The metal-organic molecules were synthesised by collaborators at the Indian Association for the Cultivation of Science (IACS) in Kolkata, made into films at National University of Singapore, and tested as circuit elements in Singapore, at Hewlett Packard’s AI Research Lab in Colorado, and at Texas A&M University.

Professor Luuk van der Wielen, Director of Bernal Institute and Bernal Professor of Biosystems Engineering and Design, expressed his delight at the major breakthrough involving the UL scientists.

“This high-impact research reinforces the ambition of the Bernal Institute at UL to impact the world on the basis of top science in an increasingly international context. This is a continuation of Bernal scientists’ world-leading contribution to the field of predictive materials modeling,” he explained.

Professor Seán Arkins, Dean of Science and Engineering at UL, said: “The researchers in UL’s Department of Physics continue to pioneer the exploitation of organic materials for electrical applications, and this work places them at the forefront of molecular nanotechnology.”

About this neurotech research news

Author: Alan Owens
Source: University of Limerick
Contact: Alan Owens – University of Limerick
Image: The image is in the public domain

Original Research: Closed access.
Decision trees within a molecular memristor” by Sreetosh Goswami, Rajib Pramanick, Abhijeet Patra, Santi Prasad Rath, Martin Foltin, A. Ariando, Damien Thompson, T. Venkatesan, Sreebrata Goswami & R. Stanley Williams.
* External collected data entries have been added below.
definition add_edge :: "('a \<Rightarrow> 'a \<Rightarrow> bool) \<Rightarrow> 'a \<Rightarrow> 'a \<Rightarrow> ('a \<Rightarrow> 'a \<Rightarrow> bool)" where
  "add_edge E u v = (\<lambda>x y. E x y \<or> (x = u \<and> y = v) \<or> (x = v \<and> y = u))"

definition del_edge :: "('a \<Rightarrow> 'a \<Rightarrow> bool) \<Rightarrow> 'a \<Rightarrow> 'a \<Rightarrow> ('a \<Rightarrow> 'a \<Rightarrow> bool)" where
  "del_edge E u v = (\<lambda>x y. E x y \<and> \<not> (x = u \<and> y = v) \<and> \<not> (x = v \<and> y = u))"

definition complete_graph :: "'a set \<Rightarrow> ('a \<Rightarrow> 'a \<Rightarrow> bool) \<Rightarrow> bool" where
  "complete_graph V E \<longleftrightarrow> (\<forall>u\<in>V. \<forall>v\<in>V. u \<noteq> v \<longrightarrow> E u v)"

definition edgeless_graph :: "'a set \<Rightarrow> ('a \<Rightarrow> 'a \<Rightarrow> bool) \<Rightarrow> bool" where
  "edgeless_graph V E \<longleftrightarrow> (\<forall>u\<in>V. \<forall>v\<in>V. \<not> E u v)"

definition doubly_saturated_R_good :: "nat \<Rightarrow> nat \<Rightarrow> 'a set \<Rightarrow> ('a \<Rightarrow> 'a \<Rightarrow> bool) \<Rightarrow> bool" where
  "doubly_saturated_R_good s t V E \<longleftrightarrow>
     R_good s t V E
   \<and> (\<forall>u\<in>V. \<forall>v\<in>V. u \<noteq> v \<and> \<not> E u v \<longrightarrow> \<not> R_good s t V (add_edge E u v))
   \<and> (\<forall>u\<in>V. \<forall>v\<in>V. E u v \<longrightarrow> \<not> R_good s t V (del_edge E u v))
   \<and> \<not> complete_graph V E \<and> \<not> edgeless_graph V E"

end

theory Submission
  imports Defs
begin

(* With m = t - 2, the graph is the circulant graph on Z_(6m+1) with connection set
   {+-m} \<union> +-[2m+1, 3m].  Translating a 4-clique so that it contains 0, its other three
   vertices would be elements of the connection set with all pairwise differences in it, and
   there are no such triples.  An independent set has no two vertices at cyclic distance in
   (2m, 4m]; this traps it in an arc of 2m+1 consecutive vertices, where the forbidden distance m
   leaves room for at most m+1 of them.  By vertex transitivity, saturation only has to be
   checked for pairs {0, d} with 1 \<le> d \<le> 3m: adding a non-edge completes an explicit K4, and
   deleting an edge completes an explicit independent set of size m+2. *)

lemma add_edge_commute: "add_edge E u v = add_edge E v u"
  unfolding add_edge_def by (auto simp: fun_eq_iff)

lemma del_edge_commute: "del_edge E u v = del_edge E v u"
  unfolding del_edge_def by (auto simp: fun_eq_iff)

lemma not_R_good_add_edge_completing_clique:
  assumes "K \<subseteq> V" "card K = s" "u \<in> K" "v \<in> K"
    and "\<And>x y. x \<in> K \<Longrightarrow> y \<in> K \<Longrightarrow> x \<noteq> y \<Longrightarrow> {x, y} \<noteq> {u, v} \<Longrightarrow> E x y"
  shows "\<not> R_good s t V (add_edge E u v)"
proof -
  have "is_clique V (add_edge E u v) K"
    using assms unfolding is_clique_def add_edge_def by (metis doubleton_eq_iff)
  then show ?thesis using assms(2) unfolding R_good_def by blast
qed

lemma not_R_good_del_edge_completing_indep:
  assumes "I \<subseteq> V" "card I = t" "u \<in> I" "v \<in> I"
    and "\<And>x y. x \<in> I \<Longrightarrow> y \<in> I \<Longrightarrow> x \<noteq> y \<Longrightarrow> {x, y} \<noteq> {u, v} \<Longrightarrow> \<not> E x y"
  shows "\<not> R_good s t V (del_edge E u v)"
proof -
  have "is_indep V (del_edge E u v) I"
    using assms unfolding is_indep_def del_edge_def by (metis doubleton_eq_iff)
  then show ?thesis using assms(2) unfolding R_good_def by blast
qed

lemma card_le_if_no_two_at_distance:
  fixes d :: int
  assumes "0 < d" "R \<subseteq> {0..2 * d}" "\<And>a b. a \<in> R \<Longrightarrow> b \<in> R \<Longrightarrow> \<bar>a - b\<bar> \<noteq> d"
  shows "card R \<le> nat d + 1"
proof -
  \<comment> \<open>two points of \<open>{0..2d}\<close> are identified exactly when they are at distance \<open>d\<close>\<close>
  define fold :: "int \<Rightarrow> int" where
    "fold r = (if r < d then r else if r = 2 * d then d else r - d)" for r
  have "inj_on fold R"
  proof (rule inj_onI)
    fix a b assume "a \<in> R" "b \<in> R" "fold a = fold b"
    then have "a = b \<or> \<bar>a - b\<bar> = d"
      using assms(2) unfolding fold_def by (auto split: if_splits)
    then show "a = b" using assms(3) \<open>a \<in> R\<close> \<open>b \<in> R\<close> by blast
  qed
  moreover have "fold ` R \<subseteq> {0..d}"
    using assms(2) unfolding fold_def by auto
  ultimately have "card R \<le> card {0..d}"
    by (metis card_inj_on_le finite_atLeastAtMost_int)
  then show ?thesis by simp
qed

lemma abs_diff_less_if_in_window:
  fixes j k lo w :: int
  assumes "j \<in> {lo..<lo + w}" "k \<in> {lo..<lo + w}"
  shows "\<bar>k - j\<bar> < w"
  using assms by auto

locale circulant_graph =
  fixes n :: nat and C :: "int set"
  assumes n_pos: "0 < n"
    and zero_notin_conn: "0 \<notin> C"
    and conn_neg_iff: "\<And>d. 0 < d \<Longrightarrow> d < int n \<Longrightarrow> int n - d \<in> C \<longleftrightarrow> d \<in> C"
begin

definition offset :: "nat \<Rightarrow> nat \<Rightarrow> int" where
  "offset u v = (int v - int u) mod int n"

definition adj :: "nat \<Rightarrow> nat \<Rightarrow> bool" where
  "adj u v \<longleftrightarrow> offset u v \<in> C"

definition shift :: "nat \<Rightarrow> int \<Rightarrow> nat" where
  "shift u j = nat ((int u + j) mod int n)"

lemma offset_nonneg: "0 \<le> offset u v"
  and offset_less: "offset u v < int n"
  using n_pos by (simp_all add: offset_def)

lemma offset_self: "offset u u = 0"
  by (simp add: offset_def)

lemma int_shift: "int (shift u j) = (int u + j) mod int n"
  using n_pos by (simp add: shift_def)

lemma shift_less: "shift u j < n"
proof -
  have "int (shift u j) < int n"
    unfolding int_shift using n_pos by simp
  then show ?thesis by simp
qed

lemma shift_offset: "v < n \<Longrightarrow> shift u (offset u v) = v"
  by (simp add: shift_def offset_def mod_add_right_eq)

lemma shift_zero: "u < n \<Longrightarrow> shift u 0 = u"
  by (simp add: shift_def)

lemma offset_shift_shift: "offset (shift u j) (shift u k) = (k - j) mod int n"
  by (simp add: offset_def int_shift mod_diff_eq)

lemma offset_add: "offset a c = (offset a b + offset b c) mod int n"
  unfolding offset_def by (simp add: mod_add_eq)

lemma offset_eq_0_iff:
  assumes "u < n" "v < n"
  shows "offset u v = 0 \<longleftrightarrow> u = v"
proof
  assume "offset u v = 0"
  then show "u = v" using shift_offset[OF assms(2), of u] shift_zero[OF assms(1)] by simp
qed (simp add: offset_def)

lemma offset_swap:
  assumes "u < n" "v < n" "u \<noteq> v"
  shows "offset v u = int n - offset u v"
proof -
  have "offset u v \<noteq> 0"
    using assms by (simp add: offset_eq_0_iff)
  have "offset v u = (- (int v - int u)) mod int n"
    by (simp add: offset_def)
  also have "\<dots> = int n - offset u v"
    using \<open>offset u v \<noteq> 0\<close> by (subst zmod_zminus1_eq_if) (simp add: offset_def)
  finally show ?thesis .
qed

lemma mod_in_conn_iff_abs:
  assumes "- int n < x" "x < int n"
  shows "x mod int n \<in> C \<longleftrightarrow> \<bar>x\<bar> \<in> C"
proof (cases "x < 0")
  case True
  have "x mod int n = (x + int n) mod int n" by simp
  also have "\<dots> = int n - \<bar>x\<bar>"
    using assms True by (subst mod_pos_pos_trivial) auto
  finally show ?thesis
    using conn_neg_iff[of "\<bar>x\<bar>"] assms True by simp
qed (use assms in simp)

lemma adj_shift_iff:
  assumes "\<bar>k - j\<bar> < int n"
  shows "adj (shift u j) (shift u k) \<longleftrightarrow> \<bar>k - j\<bar> \<in> C"
  using mod_in_conn_iff_abs[of "k - j"] assms by (simp add: adj_def offset_shift_shift)

lemma adj_iff_offsets:
  assumes "a < n" "b < n" "c < n"
  shows "adj b c \<longleftrightarrow> \<bar>offset a c - offset a b\<bar> \<in> C"
proof -
  have "\<bar>offset a c - offset a b\<bar> < int n"
    using offset_nonneg[of a b] offset_less[of a b] offset_nonneg[of a c] offset_less[of a c]
    by (simp add: abs_less_iff)
  then show ?thesis
    using adj_shift_iff[where j = "offset a b" and k = "offset a c" and u = a] shift_offset assms
    by simp
qed

lemma adj_sym: "u < n \<Longrightarrow> v < n \<Longrightarrow> adj u v \<longleftrightarrow> adj v u"
  using adj_iff_offsets[of u u v] adj_iff_offsets[of u v u] by (simp add: offset_self)

lemma adj_irrefl: "\<not> adj u u"
  by (simp add: adj_def offset_self zero_notin_conn)

lemma simple_graph_adj: "simple_graph {0..<n} adj"
  unfolding simple_graph_def using adj_sym adj_irrefl by auto

lemma inj_on_shift:
  assumes "S \<subseteq> {lo..<lo + int n}"
  shows "inj_on (shift u) S"
proof (rule inj_onI)
  fix j k assume "j \<in> S" "k \<in> S" "shift u j = shift u k"
  then have "int n dvd k - j"
    using offset_shift_shift[of u j k] by (simp add: offset_self mod_eq_0_iff_dvd)
  moreover have "\<bar>k - j\<bar> < int n"
    using assms \<open>j \<in> S\<close> \<open>k \<in> S\<close> by (blast intro: abs_diff_less_if_in_window)
  ultimately show "j = k"
    using dvd_imp_le_int[of "k - j" "int n"] by (cases "k = j") auto
qed

lemma shift_image_pairE:
  assumes "u < n" "S \<subseteq> {lo..<lo + int n}"
    and "x \<in> shift u ` S" "y \<in> shift u ` S" "x \<noteq> y" "{x, y} \<noteq> {u, shift u d}"
  obtains j k where "j \<in> S" "k \<in> S" "j \<noteq> k" "{j, k} \<noteq> {0, d}"
    "adj x y \<longleftrightarrow> \<bar>k - j\<bar> \<in> C"
proof -
  obtain j k where jk: "j \<in> S" "k \<in> S" "x = shift u j" "y = shift u k"
    using assms(3,4) by auto
  have "\<bar>k - j\<bar> < int n"
    using assms(2) jk(1,2) by (blast intro: abs_diff_less_if_in_window)
  then have "adj x y \<longleftrightarrow> \<bar>k - j\<bar> \<in> C"
    using jk adj_shift_iff by simp
  moreover have "j \<noteq> k" "{j, k} \<noteq> {0, d}"
    using jk assms(5,6) shift_zero[OF assms(1)] by (auto simp: doubleton_eq_iff)
  ultimately show thesis
    using that jk(1,2) by blast
qed

lemma not_R_good_add_edge_shift:
  assumes "u < n" "S \<subseteq> {lo..<lo + int n}" "card S = s" "0 \<in> S" "d \<in> S"
    and "\<And>j k. j \<in> S \<Longrightarrow> k \<in> S \<Longrightarrow> j \<noteq> k \<Longrightarrow> {j, k} \<noteq> {0, d} \<Longrightarrow> \<bar>k - j\<bar> \<in> C"
  shows "\<not> R_good s t {0..<n} (add_edge adj u (shift u d))"
proof (rule not_R_good_add_edge_completing_clique)
  show "shift u ` S \<subseteq> {0..<n}" using shift_less by auto
  show "card (shift u ` S) = s" using card_image[OF inj_on_shift[OF assms(2)]] assms(3) by simp
  show "u \<in> shift u ` S" "shift u d \<in> shift u ` S"
    using shift_zero[OF assms(1)] assms(4,5) by (metis image_eqI)+
  show "adj x y" if "x \<in> shift u ` S" "y \<in> shift u ` S" "x \<noteq> y" "{x, y} \<noteq> {u, shift u d}" for x y
    using shift_image_pairE[OF assms(1,2) that] assms(6) by metis
qed

lemma not_R_good_del_edge_shift:
  assumes "u < n" "S \<subseteq> {lo..<lo + int n}" "card S = t" "0 \<in> S" "d \<in> S"
    and "\<And>j k. j \<in> S \<Longrightarrow> k \<in> S \<Longrightarrow> j \<noteq> k \<Longrightarrow> {j, k} \<noteq> {0, d} \<Longrightarrow> \<bar>k - j\<bar> \<notin> C"
  shows "\<not> R_good s t {0..<n} (del_edge adj u (shift u d))"
proof (rule not_R_good_del_edge_completing_indep)
  show "shift u ` S \<subseteq> {0..<n}" using shift_less by auto
  show "card (shift u ` S) = t" using card_image[OF inj_on_shift[OF assms(2)]] assms(3) by simp
  show "u \<in> shift u ` S" "shift u d \<in> shift u ` S"
    using shift_zero[OF assms(1)] assms(4,5) by (metis image_eqI)+
  show "\<not> adj x y" if "x \<in> shift u ` S" "y \<in> shift u ` S" "x \<noteq> y" "{x, y} \<noteq> {u, shift u d}" for x y
    using shift_image_pairE[OF assms(1,2) that] assms(6) by metis
qed

lemma short_offset_orientation:
  assumes "u < n" "v < n" "u \<noteq> v"
  obtains a b where "(a, b) = (u, v) \<or> (a, b) = (v, u)" "1 \<le> offset a b" "offset a b \<le> int n div 2"
proof -
  have "offset u v \<noteq> 0" "offset v u = int n - offset u v"
    using offset_eq_0_iff[OF assms(1,2)] offset_swap[OF assms] assms(3) by auto
  then have "(1 \<le> offset u v \<and> offset u v \<le> int n div 2) \<or> (1 \<le> offset v u \<and> offset v u \<le> int n div 2)"
    using offset_nonneg[of u v] offset_less[of u v] by presburger
  then show thesis
    using that by blast
qed

end

(* The connection set {+-m} \<union> +-[2m+1, 3m] of Z_(6m+1), by representatives in [0, 6m]. *)
definition ramsey_conn :: "nat \<Rightarrow> int set" where
  "ramsey_conn m = {int m, 5 * int m + 1} \<union> {2 * int m + 1 .. 4 * int m}"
Nature


Abstract

Decision trees within a molecular memristor

Profuse dendritic-synaptic interconnections among neurons in the neocortex embed intricate logic structures enabling sophisticated decision-making that vastly outperforms any artificial electronic analogues.

The physical complexity is far beyond existing circuit fabrication technologies: moreover, the network in a brain is dynamically reconfigurable, which provides flexibility and adaptability to changing environments.

In contrast, state-of-the-art semiconductor logic circuits are based on threshold switches that are hard-wired to perform predefined logic functions. To advance the performance of logic circuits, we are re-imagining fundamental electronic circuit elements by expressing complex logic in nanometre-scale material properties.

Here we use voltage-driven conditional logic interconnectivity among five distinct molecular redox states of a metal–organic complex to embed a ‘thicket’ of decision trees (composed of multiple if-then-else conditional statements) having 71 nodes within a single memristor.

The resultant current–voltage characteristic of this molecular memristor (a ‘memory resistor’, a globally passive resistive-switch circuit element that axiomatically complements the set of capacitor, inductor and resistor) exhibits eight recurrent and history-dependent non-volatile switching transitions between two conductance levels in a single sweep cycle. The identity of each molecular redox state was determined with in situ Raman spectroscopy and confirmed by quantum chemical calculations, revealing the electron transport mechanism.

Using simple circuits of only these elements, we experimentally demonstrate dynamically reconfigurable, commutative and non-commutative stateful logic in multivariable decision trees that execute in a single time step and can, for example, be applied as local intelligence in edge computing.